• Given data:
_ _ _ _ _ _ _
(* Let $P_1$ be the uniform distribution on $[0,\frac12]$, let $P_2$ be the uniform distribution on $[\frac34,1]$, and let $P=\frac34P_1+\frac14P_2$. Then the set $\{\frac18,\frac38,\frac78\}$ forms an optimal set of three-means for $P$, with quantization error $V_3=\frac1{192}$.
   Context: For a finite set $\alpha\subset\mathbb R$, $V(P;\alpha)=\int\min_{a\in\alpha}(x-a)^2\,dP(x)$; $V_n=\inf\{V(P;\alpha):\mathrm{card}(\alpha)\le n\}$; an optimal set of $n$-means is a set $\alpha$ with $\mathrm{card}(\alpha)\le n$ and $V(P;\alpha)=V_n$. *)

theory Defs
  imports "HOL-Probability.Probability"
begin

text \<open>Distortion V(P;alpha) = integral of min_{a in alpha} (x-a)^2 dP(x),
  taken as a nonnegative (extended) integral so it is always defined.\<close>
definition distortion :: "real measure \<Rightarrow> real set \<Rightarrow> ennreal" where
  "distortion P \<alpha> = (\<integral>\<^sup>+ x. ennreal (Min ((\<lambda>a. (x - a)\<^sup>2) ` \<alpha>)) \<partial>P)"

definition quant_error :: "real measure \<Rightarrow> nat \<Rightarrow> ennreal" where
  "quant_error P n = (INF \<alpha> \<in> {\<alpha>. finite \<alpha> \<and> \<alpha> \<noteq> {} \<and> card \<alpha> \<le> n}. distortion P \<alpha>)"

definition optimal_n_means :: "real measure \<Rightarrow> nat \<Rightarrow> real set \<Rightarrow> bool" where
  "optimal_n_means P n \<alpha> \<longleftrightarrow> finite \<alpha> \<and> \<alpha> \<noteq> {} \<and> card \<alpha> \<le> n \<and>
     distortion P \<alpha> = quant_error P n"

definition P1 :: "real measure" where
  "P1 = uniform_measure lborel {0..1/2}"

definition P2 :: "real measure" where
  "P2 = uniform_measure lborel {3/4..1}"

definition Pmix :: "real measure" where
  "Pmix = measure_of UNIV (sets borel)
      (\<lambda>A. ennreal (3/4) * emeasure P1 A + ennreal (1/4) * emeasure P2 A)"

end

theory Submission
  imports Defs
begin

text \<open>
  P has density 3/2 on [0,1/2] and 1 on [3/4,1]. For centres a1 \<le> a2 \<le> a3 the
  nearest-centre cells are cut at the midpoints, and a cell [u,v] served by a contributes
  \<open>\<integral>(x - a)\<^sup>2 = (v - u)\<^sup>3/12 + (v - u)(a - (u + v)/2)\<^sup>2\<close>, so the distortion is an
  explicit function of the centres. It is bounded below by 1/192 by a case split on where the
  cuts fall relative to the gap (1/2,3/4): cubes alone give the bound unless a cell covers
  pieces on both sides of the gap, and then the two pieces, of masses A and B with centroids
  at distance at least D, cost at least \<open>A B D\<^sup>2/(A + B)\<close> beyond their cubic terms.
  The value 1/192 is attained at {1/8, 3/8, 7/8}, whose cells are [0,1/4], [1/4,1/2], [3/4,1].
\<close>

lemma clamp_real:
  fixes lo hi x :: real
  assumes "lo \<le> hi"
  shows "clamp lo hi x = max lo (min hi x)"
  using assms unfolding clamp_def Basis_real_def by (auto simp: max_def min_def)

lemma clamp_real_mono:
  fixes lo hi x y :: real
  assumes "lo \<le> hi" "x \<le> y"
  shows "clamp lo hi x \<le> clamp lo hi y"
  unfolding clamp_real[OF \<open>lo \<le> hi\<close>] using \<open>x \<le> y\<close> by (intro max.mono order.refl min.mono)

lemma density_mixture:
  assumes [measurable]: "f \<in> borel_measurable M" "g \<in> borel_measurable M"
  shows "measure_of (space M) (sets M)
           (\<lambda>A. c * emeasure (density M f) A + d * emeasure (density M g) A)
         = density M (\<lambda>x. c * f x + d * g x)"
proof -
  have "density M (\<lambda>x. c * f x + d * g x)
      = measure_of (space M) (sets M) (emeasure (density M (\<lambda>x. c * f x + d * g x)))"
    by (metis measure_of_of_measure sets_density space_density)
  also have "\<dots> = measure_of (space M) (sets M)
                     (\<lambda>A. c * emeasure (density M f) A + d * emeasure (density M g) A)"
  proof (rule measure_of_eq)
    show "sets M \<subseteq> Pow (space M)"
      by (rule sets.space_closed)
    fix A assume "A \<in> sigma_sets (space M) (sets M)"
    then have [measurable]: "A \<in> sets M"
      by (simp add: sets.sigma_sets_eq)
    show "emeasure (density M (\<lambda>x. c * f x + d * g x)) A
        = c * emeasure (density M f) A + d * emeasure (density M g) A"
      by (simp add: emeasure_density nn_integral_add nn_integral_cmult distrib_right mult.assoc)
  qed
  finally show ?thesis ..
qed

lemma uniform_measure_lborel_Icc:
  fixes a b :: real
  assumes "a < b"
  shows "uniform_measure lborel {a..b} = density lborel (\<lambda>x. ennreal (indicator {a..b} x / (b - a)))"
proof -
  have "1 / ennreal (b - a) = ennreal (1 / (b - a))"
    using divide_ennreal[of 1 "b - a"] assms by simp
  then have "indicator {a..b} x / ennreal (b - a) = ennreal (indicator {a..b} x / (b - a))" for x
    by (simp split: split_indicator)
  then show ?thesis
    using assms by (simp add: uniform_measure_def)
qed

definition pmix_density :: "real \<Rightarrow> real" where
  "pmix_density x = 3/2 * indicator {0..1/2} x + indicator {3/4..1} x"

lemma pmix_density_measurable [measurable]: "pmix_density \<in> borel_measurable borel"
  unfolding pmix_density_def by measurable

lemma pmix_density_nonneg: "0 \<le> pmix_density x"
  by (simp add: pmix_density_def)

lemma Pmix_eq_density: "Pmix = density lborel (\<lambda>x. ennreal (pmix_density x))"
proof -
  define f1 :: "real \<Rightarrow> ennreal" where "f1 = (\<lambda>x. ennreal (indicator {0..1/2} x / (1/2)))"
  define f2 :: "real \<Rightarrow> ennreal" where "f2 = (\<lambda>x. ennreal (indicator {3/4..1} x / (1/4)))"
  have [measurable]: "f1 \<in> borel_measurable borel" "f2 \<in> borel_measurable borel"
    unfolding f1_def f2_def by simp_all
  have "Pmix = measure_of (space lborel) (sets lborel)
      (\<lambda>A. ennreal (3/4) * emeasure (density lborel f1) A
          + ennreal (1/4) * emeasure (density lborel f2) A)"
    unfolding Pmix_def P1_def P2_def f1_def f2_def by (simp add: uniform_measure_lborel_Icc)
  also have "\<dots> = density lborel (\<lambda>x. ennreal (3/4) * f1 x + ennreal (1/4) * f2 x)"
    by (rule density_mixture) simp_all
  also have "\<dots> = density lborel (\<lambda>x. ennreal (pmix_density x))"
    by (simp add: f1_def f2_def pmix_density_def ennreal_mult'[symmetric] ennreal_plus[symmetric]
        del: ennreal_plus split: split_indicator)
  finally show ?thesis .
qed

lemma Min_sq_dist_nearest:
  fixes x a :: real
  assumes "finite A" "a \<in> A" "\<And>b. b \<in> A \<Longrightarrow> \<bar>x - a\<bar> \<le> \<bar>x - b\<bar>"
  shows "Min ((\<lambda>b. (x - b)\<^sup>2) ` A) = (x - a)\<^sup>2"
  using assms by (intro Min_eqI) (auto simp: abs_le_square_iff)

lemma Min_sq_dist_sorted3:
  fixes x a1 a2 a3 :: real
  assumes "a1 \<le> a2" "a2 \<le> a3"
  shows "Min ((\<lambda>a. (x - a)\<^sup>2) ` {a1, a2, a3}) =
    (if x \<le> (a1 + a2) / 2 then (x - a1)\<^sup>2
     else if x \<le> (a2 + a3) / 2 then (x - a2)\<^sup>2
     else (x - a3)\<^sup>2)"
proof -
  have nearest: "Min ((\<lambda>a. (x - a)\<^sup>2) ` {a1, a2, a3}) = (x - a)\<^sup>2"
    if "a \<in> {a1, a2, a3}" "\<And>b. b \<in> {a1, a2, a3} \<Longrightarrow> \<bar>x - a\<bar> \<le> \<bar>x - b\<bar>" for a
    using that by (intro Min_sq_dist_nearest) auto
  consider "x \<le> (a1 + a2) / 2" | "(a1 + a2) / 2 < x" "x \<le> (a2 + a3) / 2" | "(a2 + a3) / 2 < x"
    by linarith
  then show ?thesis
  proof cases
    case 1
    then show ?thesis using assms by (subst nearest[of a1]) (auto simp: abs_if)
  next
    case 2
    then show ?thesis using assms by (subst nearest[of a2]) (auto simp: abs_if)
  next
    case 3
    then show ?thesis using assms by (subst nearest[of a3]) (auto simp: abs_if)
  qed
qed

definition sq_dist_integral :: "real \<Rightarrow> real \<Rightarrow> real \<Rightarrow> real" where
  "sq_dist_integral u v a = ((v - a) ^ 3 - (u - a) ^ 3) / 3"

lemma has_integral_sq_dist:
  assumes "u \<le> v" and g: "\<And>x. u < x \<Longrightarrow> x < v \<Longrightarrow> g x = (x - a)\<^sup>2"
  shows "(g has_integral sq_dist_integral u v a) {u..v}"
proof -
  have "((\<lambda>x. (x - a)\<^sup>2) has_integral (v - a) ^ 3 / 3 - (u - a) ^ 3 / 3) {u..v}"
  proof (rule fundamental_theorem_of_calculus[OF \<open>u \<le> v\<close>])
    fix x :: real
    show "((\<lambda>x. (x - a) ^ 3 / 3) has_vector_derivative (x - a)\<^sup>2) (at x within {u..v})"
      unfolding has_real_derivative_iff_has_vector_derivative[symmetric]
      by (auto intro!: derivative_eq_intros simp: power2_eq_square)
  qed
  then have "((\<lambda>x. (x - a)\<^sup>2) has_integral sq_dist_integral u v a) {u..v}"
    by (simp add: sq_dist_integral_def diff_divide_distrib)
  then show ?thesis
    by (rule has_integral_spike_finite[of "{u, v}", rotated 2]) (auto simp: g)
qed

lemma sq_dist_integral_eq: "sq_dist_integral u v a = (v - u) ^ 3 / 12 + (v - u) * (a - (u + v) / 2)\<^sup>2"
  unfolding sq_dist_integral_def by (simp add: power3_eq_cube power2_eq_square field_simps)

lemma sq_dist_integral_ge: "u \<le> v \<Longrightarrow> (v - u) ^ 3 / 12 \<le> sq_dist_integral u v a"
  unfolding sq_dist_integral_eq by simp

lemma sq_dist_integral_nonneg: "u \<le> v \<Longrightarrow> 0 \<le> sq_dist_integral u v a"
  unfolding sq_dist_integral_eq by (intro add_nonneg_nonneg) simp_all

lemma sq_dist_integral_same [simp]: "sq_dist_integral u u a = 0"
  by (simp add: sq_dist_integral_def)

definition voronoi3_cost :: "real \<Rightarrow> real \<Rightarrow> real \<Rightarrow> real \<Rightarrow> real \<Rightarrow> real" where
  "voronoi3_cost lo hi a1 a2 a3 =
    (let c1 = clamp lo hi ((a1 + a2) / 2); c2 = clamp lo hi ((a2 + a3) / 2)
     in sq_dist_integral lo c1 a1 + sq_dist_integral c1 c2 a2 + sq_dist_integral c2 hi a3)"

lemma has_integral_Min_sq_dist_sorted3:
  assumes sorted: "a1 \<le> a2" "a2 \<le> a3" and "lo \<le> hi"
  shows "((\<lambda>x. Min ((\<lambda>a. (x - a)\<^sup>2) ` {a1, a2, a3})) has_integral voronoi3_cost lo hi a1 a2 a3)
           {lo..hi}" (is "(?g has_integral _) _")
proof -
  define c1 where "c1 = clamp lo hi ((a1 + a2) / 2)"
  define c2 where "c2 = clamp lo hi ((a2 + a3) / 2)"
  note clamp = clamp_real[OF \<open>lo \<le> hi\<close>]
  have "c1 \<le> c2"
    unfolding c1_def c2_def using sorted \<open>lo \<le> hi\<close> by (intro clamp_real_mono) auto
  then have cuts: "lo \<le> c1" "c1 \<le> c2" "c2 \<le> hi"
    using \<open>lo \<le> hi\<close> by (simp_all add: c1_def c2_def clamp)
  note nearest = Min_sq_dist_sorted3[OF sorted]
  have cell1: "(?g has_integral sq_dist_integral lo c1 a1) {lo..c1}"
    by (rule has_integral_sq_dist[OF cuts(1)], subst nearest)
      (auto simp: c1_def clamp less_max_iff_disj)
  have cell2: "(?g has_integral sq_dist_integral c1 c2 a2) {c1..c2}"
    by (rule has_integral_sq_dist[OF cuts(2)], subst nearest)
      (auto simp: c1_def c2_def clamp less_max_iff_disj min_less_iff_disj)
  have cell3: "(?g has_integral sq_dist_integral c2 hi a3) {c2..hi}"
    by (rule has_integral_sq_dist[OF cuts(3)], subst nearest)
      (use sorted in \<open>auto simp: c2_def clamp min_less_iff_disj\<close>)
  show ?thesis
    unfolding voronoi3_cost_def Let_def c1_def[symmetric] c2_def[symmetric]
    using has_integral_combine[OF _ _ has_integral_combine[OF _ _ cell1 cell2] cell3] cuts
    by simp
qed

lemma distortion_Pmix_sorted3:
  assumes sorted: "a1 \<le> a2" "a2 \<le> a3"
  shows "distortion Pmix {a1, a2, a3}
       = ennreal (3/2 * voronoi3_cost 0 (1/2) a1 a2 a3 + voronoi3_cost (3/4) 1 a1 a2 a3)"
proof -
  define g where "g x = Min ((\<lambda>a. (x - a)\<^sup>2) ` {a1, a2, a3})" for x
  have g_nonneg: "0 \<le> g x" for x
    by (simp add: g_def)
  have [measurable]: "g \<in> borel_measurable borel"
    unfolding g_def[abs_def] by simp
  have on_interval: "((\<lambda>x. if x \<in> {lo..hi} then g x else 0) has_integral voronoi3_cost lo hi a1 a2 a3) UNIV"
    if "lo \<le> hi" for lo hi
    unfolding has_integral_restrict_UNIV g_def[abs_def]
    using sorted that by (rule has_integral_Min_sq_dist_sorted3)
  have "((\<lambda>x. 3/2 * (if x \<in> {0..1/2} then g x else 0) + (if x \<in> {3/4..1} then g x else 0))
          has_integral 3/2 * voronoi3_cost 0 (1/2) a1 a2 a3 + voronoi3_cost (3/4) 1 a1 a2 a3) UNIV"
    by (intro has_integral_add has_integral_mult_right on_interval) simp_all
  moreover have "3/2 * (if x \<in> {0..1/2} then g x else 0) + (if x \<in> {3/4..1} then g x else 0)
      = pmix_density x * g x" for x
    by (simp add: pmix_density_def algebra_simps)
  ultimately have weighted: "((\<lambda>x. pmix_density x * g x)
          has_integral 3/2 * voronoi3_cost 0 (1/2) a1 a2 a3 + voronoi3_cost (3/4) 1 a1 a2 a3) UNIV"
    by simp
  have "(\<integral>\<^sup>+ x. ennreal (pmix_density x * g x) \<partial>lborel)
      = ennreal (3/2 * voronoi3_cost 0 (1/2) a1 a2 a3 + voronoi3_cost (3/4) 1 a1 a2 a3)"
    using nn_integral_has_integral_lebesgue[OF _ weighted] pmix_density_nonneg g_nonneg by simp
  moreover have "distortion Pmix {a1, a2, a3} = (\<integral>\<^sup>+ x. ennreal (pmix_density x * g x) \<partial>lborel)"
    unfolding distortion_def Pmix_eq_density g_def[symmetric]
    by (subst nn_integral_density) (simp_all add: pmix_density_nonneg g_nonneg ennreal_mult)
  ultimately show ?thesis
    by simp
qed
_ _ _ _ _ _ _
Filter the listing above so that only lines holding the word "fixes" remain, and report those lines.

• Answer below:
  fixes lo hi x :: real
  fixes lo hi x y :: real
  fixes a b :: real
  fixes x a :: real
  fixes x a1 a2 a3 :: real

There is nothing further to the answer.